Рассчитывавшую на голоса молодёжи партию зелёных, со всем её экологическим мошенничеством и климатологическим шарлатанством, как раз молодёжь и элиминировала, в массовом порядке проголосовав за семидесятидвухлетнего князя, который курит трубку, носит бабочку и спит на официальных мероприятиях сном праведника. Его слоган "КОГДА БОЛТАЮТ ГЛУПОСТИ, Я СПЛЮ" признан самым удачным во всей предвыборной кампании.
Уходя после электорального разгрома в отставку, кто-то из "зелёных" лидеров сказал: "Он очаровал молодёжь. Мы были бессильны что-либо сделать".
князь Шварценберг очаровывает молодёжь
Вообще, богемская сказка - очень рациональная, тщательно продуманная и просчитанная на много ходов вперёд. Kогда в своё время все соседи чехов избрали национализм, чехи были единственными, кто сделал ставку на демократию. В долговременной перспективе оказалось, что соседи до сих пор подсчитывают потери и зализывают раны, а чехи построили национальное государство.
Я тоже человек рациональный, предпочитающий спать, когда болтают глупости, поэтому мне здесь комфортно. Один из читателей как-то раз назвал меня "русскоязычным чехоживущим чехофилом". Это слишком сложно. Я просто русский из Богемии.
Наверное, моя Богемия заметно отличается от той Чехии, в которой живут многие другие русскоязычные блогеры. Иногда я заглядываю в некоторые посвящённые Чехии сообщества или в журналы их участников. И обнаруживаю, что люди оперируют понятиями, смысл которых мне ясен только благодаря контексту. Я привык устраивать свои дела по-своему, не обращая внимания на то, как поступают другие или что считается общепринятым. Поэтому я никогда не делал, не испытывал и не интересовался многим из того, что составляет повседневную жизнь многих русских в Чехии. Например, я ни разу не обращался к посредническим фирмам, занимающимся оформлением документов, никогда не снимал жильё, не участвовал ни в одном земляческом мероприятии.
Я много знаю о Богемии, но намного меньше о её русскоязычной общине.

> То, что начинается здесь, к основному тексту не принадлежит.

(* Let $\mathcal{A}$ be a complex Banach algebra with unity and let $a\in\mathcal{A}$. If $x\in\mathcal{A}$ is a g$\pi$-Hirano inverse of $a$, then $a$ is generalized Drazin invertible and its generalized Drazin inverse is $a^{d}=x$.
   Context: An element $q\in\mathcal{A}$ is quasinilpotent if its spectrum is $\sigma(q)=\{0\}$; $\mathcal{A}^{qnil}$ denotes the set of quasinilpotent elements. An element $x\in\mathcal{A}$ is a generalized Drazin inverse of $a$ if $xax=x$, $ax=xa$ and $a-a^{2}x\in\mathcal{A}^{qnil}$; it is unique when it exists and is denoted $a^{d}$. An element $x\in\mathcal{A}$ is a g$\pi$-Hirano inverse of $a$ if $xax=x$, $ax=xa$ and $a-a^{n+2}x\in\mathcal{A}^{qnil}$ for some positive integer $n$. *)

theory Defs
  imports "HOL-Analysis.Analysis"
begin

class complex_banach_algebra_1 = real_normed_algebra_1 + banach +
  fixes scaleC :: "complex \<Rightarrow> 'a \<Rightarrow> 'a"
  assumes scaleC_add_right: "scaleC c (x + y) = scaleC c x + scaleC c y"
    and scaleC_add_left: "scaleC (c + d) x = scaleC c x + scaleC d x"
    and scaleC_scaleC: "scaleC c (scaleC d x) = scaleC (c * d) x"
    and scaleC_one: "scaleC 1 x = x"
    and scaleR_scaleC: "scaleR r x = scaleC (complex_of_real r) x"
    and mult_scaleC_left: "scaleC c x * y = scaleC c (x * y)"
    and mult_scaleC_right: "x * scaleC c y = scaleC c (x * y)"
    and norm_scaleC: "norm (scaleC c x) = cmod c * norm x"

definition invertible_elem :: "'a::monoid_mult \<Rightarrow> bool" where
  "invertible_elem x \<longleftrightarrow> (\<exists>y. x * y = 1 \<and> y * x = 1)"

definition spectrum :: "'a::complex_banach_algebra_1 \<Rightarrow> complex set" where
  "spectrum a = {z. \<not> invertible_elem (a - scaleC z 1)}"

definition quasinilpotent :: "'a::complex_banach_algebra_1 \<Rightarrow> bool" where
  "quasinilpotent q \<longleftrightarrow> spectrum q = {0}"

definition is_gd_inverse :: "'a::complex_banach_algebra_1 \<Rightarrow> 'a \<Rightarrow> bool" where
  "is_gd_inverse a x \<longleftrightarrow> x * a * x = x \<and> a * x = x * a \<and> quasinilpotent (a - a^2 * x)"

definition gd_invertible :: "'a::complex_banach_algebra_1 \<Rightarrow> bool" where
  "gd_invertible a \<longleftrightarrow> (\<exists>x. is_gd_inverse a x)"

definition gd_inverse :: "'a::complex_banach_algebra_1 \<Rightarrow> 'a" where
  "gd_inverse a = (THE x. is_gd_inverse a x)"

definition is_gpi_hirano_inverse :: "'a::complex_banach_algebra_1 \<Rightarrow> 'a \<Rightarrow> bool" where
  "is_gpi_hirano_inverse a x \<longleftrightarrow> x * a * x = x \<and> a * x = x * a \<and>
     (\<exists>n::nat. n \<ge> 1 \<and> quasinilpotent (a - a^(n+2) * x))"

end

(*
  With p = ax, the idempotent p commutes with u = a - a^(n+2) x, and a - a^2 x = u(1 - p) is
  the compression of u to the corner 1 - p; such a compression of a quasinilpotent is again
  quasinilpotent, so x is a generalized Drazin inverse of a.

  Uniqueness: if y is another one and N = a - a^2 y, then ax(1 - ay) = x^k N^k for all k >= 1,
  so ||ax(1 - ay)|| <= ||x||^k ||N^k||.  For quasinilpotent N the quantity rho^k ||N^k|| stays
  bounded along k = 2^m for every rho: the function (1 - zN)^-1 is defined and locally Lipschitz
  on the whole plane, and its mean over the 2^m points z w with w^(2^m) = 1 is
  (1 - z^(2^m) N^(2^m))^-1, which lets one push the radius of boundedness outwards in steps of
  fixed size.  Hence ax(1 - ay) = 0 and symmetrically (1 - ax)ay = 0, so ax = ay and x = y.
*)

theory Submission
  imports Defs
begin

Поэтому у меня такой никнейм, а у журнала такая тематика. По стечению обстоятельств сегодня совпали пятнадцать лет моего пребывания в Богемии и пятнадцать месяцев с момента появления в моём журнале первой записи. Признаться, я хотел, чтобы пост этот был сотым по счёту. Не получилось. Он всего лишь девяносто девятый. Я просто физически не успел написать больше. Чтобы жить в сказке, нужно много, очень много работать.
Но сегодня у меня праздник, и я жду гостей. Ко мне придёт человек, с которым меня связывает тридцатипятилетняя дружба. Мы познакомились в семьдесят пятом, вместе пойдя в первый класс. И у него скоро будет пятнадцатилетие богемизации. Его поезд пересёк границу на 14 дней позже, чем мой. Богемцы богемцами, а любимую женщину и лучшего друга я предпочёл привезти из России.
В холодильнике охлаждается богемское шампанское. Оно несколько легче и ароматнее французского.